I'm not sure about the tip jar thing. I would suggest using the square reader. All it takes is one complaint from the pax and who knows how the uber csrs will handle it. Good luck though.


----------



## LadyDi (Nov 29, 2015)

Dang said:


> so yes we can have a jar that says tip to let the cheap rider know they can tip..


I just received the square reader, free at that, and I can accept up $999 til September fee-less. I have attempted to order the free PayPal version too. If you need the Square code for new starts ups, DM me. No other DM's accepted. Thanks.



Boober said:


> I hang it behind the headrest using a black nylon lanyard string.


I will order that sign soon. Thank you for the link to it.


----------



## oscardelta (Sep 30, 2015)

Dang said:


> so yes we can have a jar that says tip to let the cheap rider know they can tip..


Put a short glass somewhere visible with a couple of dollars in it. No need to put up a sign or even mention it. I did so and my tips increased significantly. I don't really care how Uber feels about it or whether I am "allowed" to do it.


----------



## ChortlingCrison (Mar 30, 2016)

I'd go with the square reader as well. A tipjar might get you in trouble with uber if a pax reports it.

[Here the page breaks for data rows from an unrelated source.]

lemma sum_list_middle_code:
  assumes "admissible k m f" "candidate m f i"
  shows "sum_list (middle_code k f i) + 2 * of_bool (even i \<and> i div 2 \<noteq> k)
    = (if even i then code_weight k (i div 2) (f (i div 2)) else 0)"
proof (cases "even i")
  case True
  then show ?thesis
    using sum_list_reduced_code[OF candidate_middle[OF assms True]] by (simp add: middle_code_def)
qed (simp add: middle_code_def)

lemma sum_list_candidate_code:
  assumes f: "admissible k m f" and i: "candidate m f i" "i \<noteq> k"
  shows "sum_list (candidate_code k m f i) \<le> (\<Sum>q\<in>{1..<m}. code_weight k q (f q)) + 2"
proof -
  let ?w = "\<lambda>q. code_weight k q (f q)"
  let ?P = "{1..<(i + 1) div 2}"
  have "1 \<le> i" "i < m" using i unfolding candidate_def by auto
  then have "(\<Sum>q\<in>{1..<m}. ?w q) = (\<Sum>q\<in>{1..<i}. ?w q) + ?w i + (\<Sum>q\<in>{Suc i..<m}. ?w q)"
    by (rule sum_atLeastLessThan_split_at)
  also have "(\<Sum>q\<in>{1..<i}. ?w q) = (\<Sum>j\<in>?P. ?w j + ?w (i - j)) + (if even i then ?w (i div 2) else 0)"
    using \<open>1 \<le> i\<close> by (intro sum_atLeastLessThan_pairs) simp
  finally have total: "(\<Sum>q\<in>{1..<m}. ?w q) = (\<Sum>j\<in>?P. ?w j + ?w (i - j))
      + (if even i then ?w (i div 2) else 0) + ?w i + (\<Sum>q\<in>{Suc i..<m}. ?w q)" .
  have index: "sum_list (index_code i) = card ?P + 3 + of_bool (even i)"
    by (simp add: sum_list_index_code)
  have self: "sum_list (reduced_code k i (f i)) + 2 = ?w i"
    using sum_list_reduced_code[OF candidate_self[OF f i(1)]] i(2) by simp
  have "of_bool (even i \<and> i div 2 \<noteq> k) + of_bool (even i \<and> i div 2 = k) = (of_bool (even i) :: nat)"
    by auto
  then show ?thesis
    using total index self sum_list_pairs_code[OF f i(1)] sum_list_middle_code[OF f i(1)]
      card_pairs_containing[of i k] sum_list_digits_code[OF f, of "Suc i"]
    unfolding candidate_code_def by simp
qed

The meandering crison is chortling!!


----------



## oscardelta (Sep 30, 2015)

ChortlingCrison said:


> I'd go with the square reader as well. A tipjar might get you in trouble with uber if a pax reports it.
> 
> The meandering crison is chortling!!


I drove with it for six months and it was never reported. I've started a real job since then so I no longer drive, so now I would encourage everyone to do it. This attitude that the driver needs to be so sensitive to the riders feelings to the point that they are literally turning down additional income seems absurd, particularly since the job doesn't pay a living wage to begin with. You're picking up a stranger who has tapped their phone a couple of times and giving them a ride in your car. A lot of valet parking has a flat rate but you're still expected to tip the guy who goes and gets your car. We pay for a haircut and tip the barber in addition to the cost of the haircut.

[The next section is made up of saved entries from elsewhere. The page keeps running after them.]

lemma regularized_Sol_tendsto_if_weak_limit:
  assumes "strongly_monotone lam A" "couple_monotone A F" "seq_weak_weak_cont A"
    and "\<And>k. a k > 0" "\<And>k. x k \<in> Sol A (\<lambda>z. F z + a k *\<^sub>R z) C" "weak_conv x xb"
    and "xd \<in> Sol A F C" "0 \<le> inner xd (A xb - A xd)"
  shows "x \<longlonglongrightarrow> xd"
proof -
  have "lam > 0" using assms(1) by (simp add: strongly_monotone_def)
  define h where "h k = (inner (A xd) xd - inner (A (x k)) xd) / lam" for k
  define h_lim where "h_lim = (inner (A xd) xd - inner (A xb) xd) / lam"
  have "(\<lambda>k. inner (A (x k)) xd) \<longlonglongrightarrow> inner (A xb) xd"
    using assms(3,6) unfolding seq_weak_weak_cont_def weak_conv_def by blast
  then have "h \<longlonglongrightarrow> h_lim"
    unfolding h_def h_lim_def using \<open>lam > 0\<close>
    by (intro tendsto_divide tendsto_diff tendsto_const) auto
  moreover have "h_lim \<le> 0"
    using assms(8) \<open>lam > 0\<close> unfolding h_lim_def
    by (simp add: divide_nonpos_pos inner_diff_right inner_commute)
  ultimately have "(\<lambda>k. sqrt (max (h k) 0)) \<longlonglongrightarrow> 0"
    using tendsto_real_sqrt[OF tendsto_max[OF _ tendsto_const[of 0]], of h h_lim]
    by (simp add: max_absorb2)
  moreover have "norm (x k - xd) \<le> sqrt (max (h k) 0)" for k
  proof (rule real_le_rsqrt)
    have "lam * (norm (x k - xd))\<^sup>2 \<le> inner (A (x k) - A xd) (x k - xd)"
      using assms(1) by (simp add: strongly_monotone_def)
    also have "\<dots> \<le> - inner (A (x k) - A xd) xd"
      using regularized_Sol_inner_le[OF assms(2,4,5,7)] by (simp add: inner_diff_right)
    also have "\<dots> = inner (A xd) xd - inner (A (x k)) xd"
      by (simp only: inner_diff_left minus_diff_eq)
    finally have "lam * (norm (x k - xd))\<^sup>2 \<le> inner (A xd) xd - inner (A (x k)) xd" .
    then have "(norm (x k - xd))\<^sup>2 \<le> h k"
      unfolding h_def pos_le_divide_eq[OF \<open>lam > 0\<close>] by (metis mult.commute)
    then show "(norm (x k - xd))\<^sup>2 \<le> max (h k) 0" by simp
  qed
  ultimately have "(\<lambda>k. norm (x k - xd)) \<longlonglongrightarrow> 0"
    using tendsto_sandwich[of "\<lambda>_. 0" "\<lambda>k. norm (x k - xd)" sequentially "\<lambda>k. sqrt (max (h k) 0)"]
    by auto
  then show ?thesis by (rule LIM_zero_cancel[OF tendsto_norm_zero_cancel])
qed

In my experience, most riders cannot be bothered to worry about the scotch glass with a dollar bill in it to the point that they would take the time and effort to alert Uber and report it. The odds of that happening would appear to be vanishingly small.


----------



## Bill Collector (Dec 17, 2015)

ChortlingCrison said:


> I'd go with the square reader as well. A tipjar might get you in trouble with uber if a pax reports it.
> 
> The meandering crison is chortling!!


I got the square reader in mail.. What kind of sign do I put and where? Thanks.


----------



## LadyDi (Nov 29, 2015)

It came with a nifty sign (the square reader). Use thine twine or thin fishing wire to hang it on the back of the head rest towards the riders. Or make your own words up.



Bill Collector said:


> I got the square reader in mail.. What kind of sign do I put and where? Thanks.


----------